• **Assigned task**: For this exercise, transcribe all of the entries exactly.

• **Exercise data**:

# # # # #

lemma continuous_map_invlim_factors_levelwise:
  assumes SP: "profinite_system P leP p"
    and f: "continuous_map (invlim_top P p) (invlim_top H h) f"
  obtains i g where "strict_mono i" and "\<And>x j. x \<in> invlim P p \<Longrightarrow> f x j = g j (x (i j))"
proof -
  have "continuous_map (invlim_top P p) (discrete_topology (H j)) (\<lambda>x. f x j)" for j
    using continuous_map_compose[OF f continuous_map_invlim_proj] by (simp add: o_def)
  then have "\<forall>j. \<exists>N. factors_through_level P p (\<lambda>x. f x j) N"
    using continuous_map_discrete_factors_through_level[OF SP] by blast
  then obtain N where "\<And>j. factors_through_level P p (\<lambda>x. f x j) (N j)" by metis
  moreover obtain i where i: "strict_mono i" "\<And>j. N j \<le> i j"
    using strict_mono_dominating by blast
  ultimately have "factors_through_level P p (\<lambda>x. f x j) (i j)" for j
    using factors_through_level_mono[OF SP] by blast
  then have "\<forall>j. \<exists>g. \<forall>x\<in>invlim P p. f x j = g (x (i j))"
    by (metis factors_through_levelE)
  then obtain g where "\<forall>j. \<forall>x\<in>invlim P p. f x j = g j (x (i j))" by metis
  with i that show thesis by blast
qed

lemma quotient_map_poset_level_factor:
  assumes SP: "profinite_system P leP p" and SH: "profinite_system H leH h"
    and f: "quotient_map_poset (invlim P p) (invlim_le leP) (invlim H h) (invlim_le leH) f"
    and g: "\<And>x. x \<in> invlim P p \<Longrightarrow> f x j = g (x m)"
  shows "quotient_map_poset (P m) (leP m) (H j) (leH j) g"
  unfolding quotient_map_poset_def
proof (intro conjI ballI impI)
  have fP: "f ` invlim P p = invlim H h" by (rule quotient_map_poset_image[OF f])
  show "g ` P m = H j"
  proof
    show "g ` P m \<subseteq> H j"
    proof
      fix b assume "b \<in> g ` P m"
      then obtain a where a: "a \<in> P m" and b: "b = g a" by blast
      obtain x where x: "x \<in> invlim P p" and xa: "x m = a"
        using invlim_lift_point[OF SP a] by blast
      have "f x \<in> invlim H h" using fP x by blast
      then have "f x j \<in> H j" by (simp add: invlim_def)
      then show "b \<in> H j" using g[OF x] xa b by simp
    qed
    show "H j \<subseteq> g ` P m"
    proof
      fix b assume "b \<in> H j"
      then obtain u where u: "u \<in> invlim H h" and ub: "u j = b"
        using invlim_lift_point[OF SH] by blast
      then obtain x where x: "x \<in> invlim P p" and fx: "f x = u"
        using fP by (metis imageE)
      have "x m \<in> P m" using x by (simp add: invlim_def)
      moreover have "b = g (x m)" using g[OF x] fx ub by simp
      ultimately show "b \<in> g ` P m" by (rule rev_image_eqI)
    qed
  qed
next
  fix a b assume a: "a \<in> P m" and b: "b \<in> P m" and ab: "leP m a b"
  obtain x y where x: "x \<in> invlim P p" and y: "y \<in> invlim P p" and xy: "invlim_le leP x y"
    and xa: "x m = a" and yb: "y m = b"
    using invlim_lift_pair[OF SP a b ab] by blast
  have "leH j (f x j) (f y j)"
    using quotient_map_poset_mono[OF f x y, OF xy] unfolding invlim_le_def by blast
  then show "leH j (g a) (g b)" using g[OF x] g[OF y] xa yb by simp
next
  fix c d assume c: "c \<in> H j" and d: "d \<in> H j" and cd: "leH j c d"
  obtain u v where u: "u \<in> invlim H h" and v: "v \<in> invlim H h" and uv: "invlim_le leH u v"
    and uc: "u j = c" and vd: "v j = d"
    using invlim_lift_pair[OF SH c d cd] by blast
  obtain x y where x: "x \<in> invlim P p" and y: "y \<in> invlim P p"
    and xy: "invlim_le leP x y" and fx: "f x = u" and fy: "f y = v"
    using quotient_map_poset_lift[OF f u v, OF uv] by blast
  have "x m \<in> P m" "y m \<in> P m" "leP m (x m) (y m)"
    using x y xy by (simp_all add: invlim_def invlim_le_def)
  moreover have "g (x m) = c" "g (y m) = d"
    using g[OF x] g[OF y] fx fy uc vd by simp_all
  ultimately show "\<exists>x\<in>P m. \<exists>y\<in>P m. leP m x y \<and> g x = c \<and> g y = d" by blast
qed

# # # # #

• **Result**:
lemma continuous_map_invlim_factors_levelwise:
  assumes SP: "profinite_system P leP p"
    and f: "continuous_map (invlim_top P p) (invlim_top H h) f"
  obtains i g where "strict_mono i" and "\<And>x j. x \<in> invlim P p \<Longrightarrow> f x j = g j (x (i j))"
proof -
  have "continuous_map (invlim_top P p) (discrete_topology (H j)) (\<lambda>x. f x j)" for j
    using continuous_map_compose[OF f continuous_map_invlim_proj] by (simp add: o_def)
  then have "\<forall>j. \<exists>N. factors_through_level P p (\<lambda>x. f x j) N"
    using continuous_map_discrete_factors_through_level[OF SP] by blast
  then obtain N where "\<And>j. factors_through_level P p (\<lambda>x. f x j) (N j)" by metis
  moreover obtain i where i: "strict_mono i" "\<And>j. N j \<le> i j"
    using strict_mono_dominating by blast
  ultimately have "factors_through_level P p (\<lambda>x. f x j) (i j)" for j
    using factors_through_level_mono[OF SP] by blast
  then have "\<forall>j. \<exists>g. \<forall>x\<in>invlim P p. f x j = g (x (i j))"
    by (metis factors_through_levelE)
  then obtain g where "\<forall>j. \<forall>x\<in>invlim P p. f x j = g j (x (i j))" by metis
  with i that show thesis by blast
qed

lemma quotient_map_poset_level_factor:
  assumes SP: "profinite_system P leP p" and SH: "profinite_system H leH h"
    and f: "quotient_map_poset (invlim P p) (invlim_le leP) (invlim H h) (invlim_le leH) f"
    and g: "\<And>x. x \<in> invlim P p \<Longrightarrow> f x j = g (x m)"
  shows "quotient_map_poset (P m) (leP m) (H j) (leH j) g"
  unfolding quotient_map_poset_def
proof (intro conjI ballI impI)
  have fP: "f ` invlim P p = invlim H h" by (rule quotient_map_poset_image[OF f])
  show "g ` P m = H j"
  proof
    show "g ` P m \<subseteq> H j"
    proof
      fix b assume "b \<in> g ` P m"
      then obtain a where a: "a \<in> P m" and b: "b = g a" by blast
      obtain x where x: "x \<in> invlim P p" and xa: "x m = a"
        using invlim_lift_point[OF SP a] by blast
      have "f x \<in> invlim H h" using fP x by blast
      then have "f x j \<in> H j" by (simp add: invlim_def)
      then show "b \<in> H j" using g[OF x] xa b by simp
    qed
    show "H j \<subseteq> g ` P m"
    proof
      fix b assume "b \<in> H j"
      then obtain u where u: "u \<in> invlim H h" and ub: "u j = b"
        using invlim_lift_point[OF SH] by blast
      then obtain x where x: "x \<in> invlim P p" and fx: "f x = u"
        using fP by (metis imageE)
      have "x m \<in> P m" using x by (simp add: invlim_def)
      moreover have "b = g (x m)" using g[OF x] fx ub by simp
      ultimately show "b \<in> g ` P m" by (rule rev_image_eqI)
    qed
  qed
next
  fix a b assume a: "a \<in> P m" and b: "b \<in> P m" and ab: "leP m a b"
  obtain x y where x: "x \<in> invlim P p" and y: "y \<in> invlim P p" and xy: "invlim_le leP x y"
    and xa: "x m = a" and yb: "y m = b"
    using invlim_lift_pair[OF SP a b ab] by blast
  have "leH j (f x j) (f y j)"
    using quotient_map_poset_mono[OF f x y, OF xy] unfolding invlim_le_def by blast
  then show "leH j (g a) (g b)" using g[OF x] g[OF y] xa yb by simp
next
  fix c d assume c: "c \<in> H j" and d: "d \<in> H j" and cd: "leH j c d"
  obtain u v where u: "u \<in> invlim H h" and v: "v \<in> invlim H h" and uv: "invlim_le leH u v"
    and uc: "u j = c" and vd: "v j = d"
    using invlim_lift_pair[OF SH c d cd] by blast
  obtain x y where x: "x \<in> invlim P p" and y: "y \<in> invlim P p"
    and xy: "invlim_le leP x y" and fx: "f x = u" and fy: "f y = v"
    using quotient_map_poset_lift[OF f u v, OF uv] by blast
  have "x m \<in> P m" "y m \<in> P m" "leP m (x m) (y m)"
    using x y xy by (simp_all add: invlim_def invlim_le_def)
  moreover have "g (x m) = c" "g (y m) = d"
    using g[OF x] g[OF y] fx fy uc vd by simp_all
  ultimately show "\<exists>x\<in>P m. \<exists>y\<in>P m. leP m x y \<and> g x = c \<and> g y = d" by blast
qed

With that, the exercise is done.